#### [EXERCISE REQUIREMENTS]
Write each of the records out again exactly.

***** DATA TO PROCESS

lemma Dcone_jacobiJ_harm_lincomb:
  fixes Y :: "'g \<Rightarrow> real^'n::finite \<Rightarrow> real" and c :: "'g \<Rightarrow> real"
  assumes S: "finite S" and Y: "\<And>g. g \<in> S \<Longrightarrow> Y g \<in> harm (deg g)"
    and deg: "\<And>g. g \<in> S \<Longrightarrow> deg g \<le> n"
    and t: "0 < t" "t \<le> 1" and \<xi>: "norm \<xi> = 1"
  defines "Z \<equiv> \<lambda>t \<xi>. \<Sum>g\<in>S. c g * (jacobiJ (n - deg g) (real (2 * deg g) + real CARD('n) - 2) (1 - 2 * t)
                                    * Y g (t *\<^sub>R \<xi>))"
  shows "Dcone (-1) Z t \<xi> = - (real n * (real n + real CARD('n) - 2)) * Z t \<xi>"
proof -
  define d where "d = real CARD('n)"
  define ev where "ev = (\<lambda>m. real m * (real m + d - 2))"
  define Q where "Q = (\<lambda>g. jacobiJ_poly (n - deg g) (real (2 * deg g) + d - 2) * monom 1 (deg g))"
  define P where "P = (\<Sum>g\<in>S. smult (c g * Y g \<xi>) (Q g))"
  have Q: "jacobiJ (n - deg g) (real (2 * deg g) + d - 2) (1 - 2 * r) * Y g (r *\<^sub>R x) = Y g x * poly (Q g) r"
    if "g \<in> S" "r \<le> 1" for g r x
    using that by (simp add: Q_def jacobiJ_eq_poly harmD(2)[OF Y] poly_monom)
  have Z_poly: "Z r \<xi> = poly P r" if "r \<le> 1" for r
    unfolding Z_def P_def d_def[symmetric] poly_sum using that
    by (auto simp: Q simp del: of_nat_mult intro!: sum.cong)
  \<comment> \<open>$Z$ agrees with the polynomial $P$ only for $r \le 1$; at $t = 1$ both derivative terms
    carry the factor $1 - t$\<close>
  have derivs: "t * (1 - t) * deriv (deriv (\<lambda>r. Z r \<xi>)) t = t * (1 - t) * poly (pderiv (pderiv P)) t
      \<and> (d - 1 - (d + -1) * t) * deriv (\<lambda>r. Z r \<xi>) t = (d - 1) * (1 - t) * poly (pderiv P) t"
  proof (cases "t = 1")
    case False
    then show ?thesis
      using deriv_eq_poly_pderiv[of 1 "\<lambda>r. Z r \<xi>" P t] Z_poly t by (simp add: algebra_simps)
  qed simp
  have LB: "laplace_beltrami (Z t) \<xi> = (\<Sum>g\<in>S. c g * Y g \<xi> * (- ev (deg g)) * poly (Q g) t)"
  proof -
    have "laplace_beltrami (Z t) \<xi> = (\<Sum>g\<in>S. c g * jacobiJ (n - deg g) (real (2 * deg g) + d - 2) (1 - 2 * t)
        * t ^ deg g * laplace_beltrami (Y g) \<xi>)"
      unfolding Z_def d_def mult.assoc[symmetric] by (rule laplace_beltrami_lincomb_harm[OF S Y \<xi>])
    also have "\<dots> = (\<Sum>g\<in>S. c g * Y g \<xi> * (- ev (deg g)) * poly (Q g) t)"
      using t(2) by (intro sum.cong refl)
        (simp add: laplace_beltrami_harm[OF Y \<xi>] ev_def d_def Q_def poly_monom jacobiJ_eq_poly)
    finally show ?thesis .
  qed
  have "Dcone (-1) Z t \<xi> = t * (1 - t) * poly (pderiv (pderiv P)) t + (d - 1) * (1 - t) * poly (pderiv P) t
      + laplace_beltrami (Z t) \<xi> / t"
    using derivs unfolding Dcone_def d_def by simp
  also have "\<dots> = (\<Sum>g\<in>S. c g * Y g \<xi> * (t * (1 - t) * poly (pderiv (pderiv (Q g))) t
      + (d - 1) * (1 - t) * poly (pderiv (Q g)) t - ev (deg g) * poly (Q g) t / t))"
    unfolding LB P_def
    by (simp add: pderiv_sum pderiv_smult poly_sum sum_distrib_left sum_divide_distrib sum.distrib
        sum_subtractf sum_negf algebra_simps)
  also have "\<dots> = (\<Sum>g\<in>S. c g * Y g \<xi> * (- ev n * poly (Q g) t))"
    using jacobiJ_poly_times_power_ode[OF t(1) deg] by (simp add: Q_def ev_def)
  also have "\<dots> = - ev n * Z t \<xi>"
    unfolding Z_poly[OF t(2)] P_def by (simp add: poly_sum sum_distrib_left algebra_simps)
  finally show ?thesis unfolding ev_def d_def .
qed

**********

#### [RESPONSE AREA]
lemma Dcone_jacobiJ_harm_lincomb:
  fixes Y :: "'g \<Rightarrow> real^'n::finite \<Rightarrow> real" and c :: "'g \<Rightarrow> real"
  assumes S: "finite S" and Y: "\<And>g. g \<in> S \<Longrightarrow> Y g \<in> harm (deg g)"
    and deg: "\<And>g. g \<in> S \<Longrightarrow> deg g \<le> n"
    and t: "0 < t" "t \<le> 1" and \<xi>: "norm \<xi> = 1"
  defines "Z \<equiv> \<lambda>t \<xi>. \<Sum>g\<in>S. c g * (jacobiJ (n - deg g) (real (2 * deg g) + real CARD('n) - 2) (1 - 2 * t)
                                    * Y g (t *\<^sub>R \<xi>))"
  shows "Dcone (-1) Z t \<xi> = - (real n * (real n + real CARD('n) - 2)) * Z t \<xi>"
proof -
  define d where "d = real CARD('n)"
  define ev where "ev = (\<lambda>m. real m * (real m + d - 2))"
  define Q where "Q = (\<lambda>g. jacobiJ_poly (n - deg g) (real (2 * deg g) + d - 2) * monom 1 (deg g))"
  define P where "P = (\<Sum>g\<in>S. smult (c g * Y g \<xi>) (Q g))"
  have Q: "jacobiJ (n - deg g) (real (2 * deg g) + d - 2) (1 - 2 * r) * Y g (r *\<^sub>R x) = Y g x * poly (Q g) r"
    if "g \<in> S" "r \<le> 1" for g r x
    using that by (simp add: Q_def jacobiJ_eq_poly harmD(2)[OF Y] poly_monom)
  have Z_poly: "Z r \<xi> = poly P r" if "r \<le> 1" for r
    unfolding Z_def P_def d_def[symmetric] poly_sum using that
    by (auto simp: Q simp del: of_nat_mult intro!: sum.cong)
  \<comment> \<open>$Z$ agrees with the polynomial $P$ only for $r \le 1$; at $t = 1$ both derivative terms
    carry the factor $1 - t$\<close>
  have derivs: "t * (1 - t) * deriv (deriv (\<lambda>r. Z r \<xi>)) t = t * (1 - t) * poly (pderiv (pderiv P)) t
      \<and> (d - 1 - (d + -1) * t) * deriv (\<lambda>r. Z r \<xi>) t = (d - 1) * (1 - t) * poly (pderiv P) t"
  proof (cases "t = 1")
    case False
    then show ?thesis
      using deriv_eq_poly_pderiv[of 1 "\<lambda>r. Z r \<xi>" P t] Z_poly t by (simp add: algebra_simps)
  qed simp
  have LB: "laplace_beltrami (Z t) \<xi> = (\<Sum>g\<in>S. c g * Y g \<xi> * (- ev (deg g)) * poly (Q g) t)"
  proof -
    have "laplace_beltrami (Z t) \<xi> = (\<Sum>g\<in>S. c g * jacobiJ (n - deg g) (real (2 * deg g) + d - 2) (1 - 2 * t)
        * t ^ deg g * laplace_beltrami (Y g) \<xi>)"
      unfolding Z_def d_def mult.assoc[symmetric] by (rule laplace_beltrami_lincomb_harm[OF S Y \<xi>])
    also have "\<dots> = (\<Sum>g\<in>S. c g * Y g \<xi> * (- ev (deg g)) * poly (Q g) t)"
      using t(2) by (intro sum.cong refl)
        (simp add: laplace_beltrami_harm[OF Y \<xi>] ev_def d_def Q_def poly_monom jacobiJ_eq_poly)
    finally show ?thesis .
  qed
  have "Dcone (-1) Z t \<xi> = t * (1 - t) * poly (pderiv (pderiv P)) t + (d - 1) * (1 - t) * poly (pderiv P) t
      + laplace_beltrami (Z t) \<xi> / t"
    using derivs unfolding Dcone_def d_def by simp
  also have "\<dots> = (\<Sum>g\<in>S. c g * Y g \<xi> * (t * (1 - t) * poly (pderiv (pderiv (Q g))) t
      + (d - 1) * (1 - t) * poly (pderiv (Q g)) t - ev (deg g) * poly (Q g) t / t))"
    unfolding LB P_def
    by (simp add: pderiv_sum pderiv_smult poly_sum sum_distrib_left sum_divide_distrib sum.distrib
        sum_subtractf sum_negf algebra_simps)
  also have "\<dots> = (\<Sum>g\<in>S. c g * Y g \<xi> * (- ev n * poly (Q g) t))"
    using jacobiJ_poly_times_power_ode[OF t(1) deg] by (simp add: Q_def ev_def)
  also have "\<dots> = - ev n * Z t \<xi>"
    unfolding Z_poly[OF t(2)] P_def by (simp add: poly_sum sum_distrib_left algebra_simps)
  finally show ?thesis unfolding ev_def d_def .
qed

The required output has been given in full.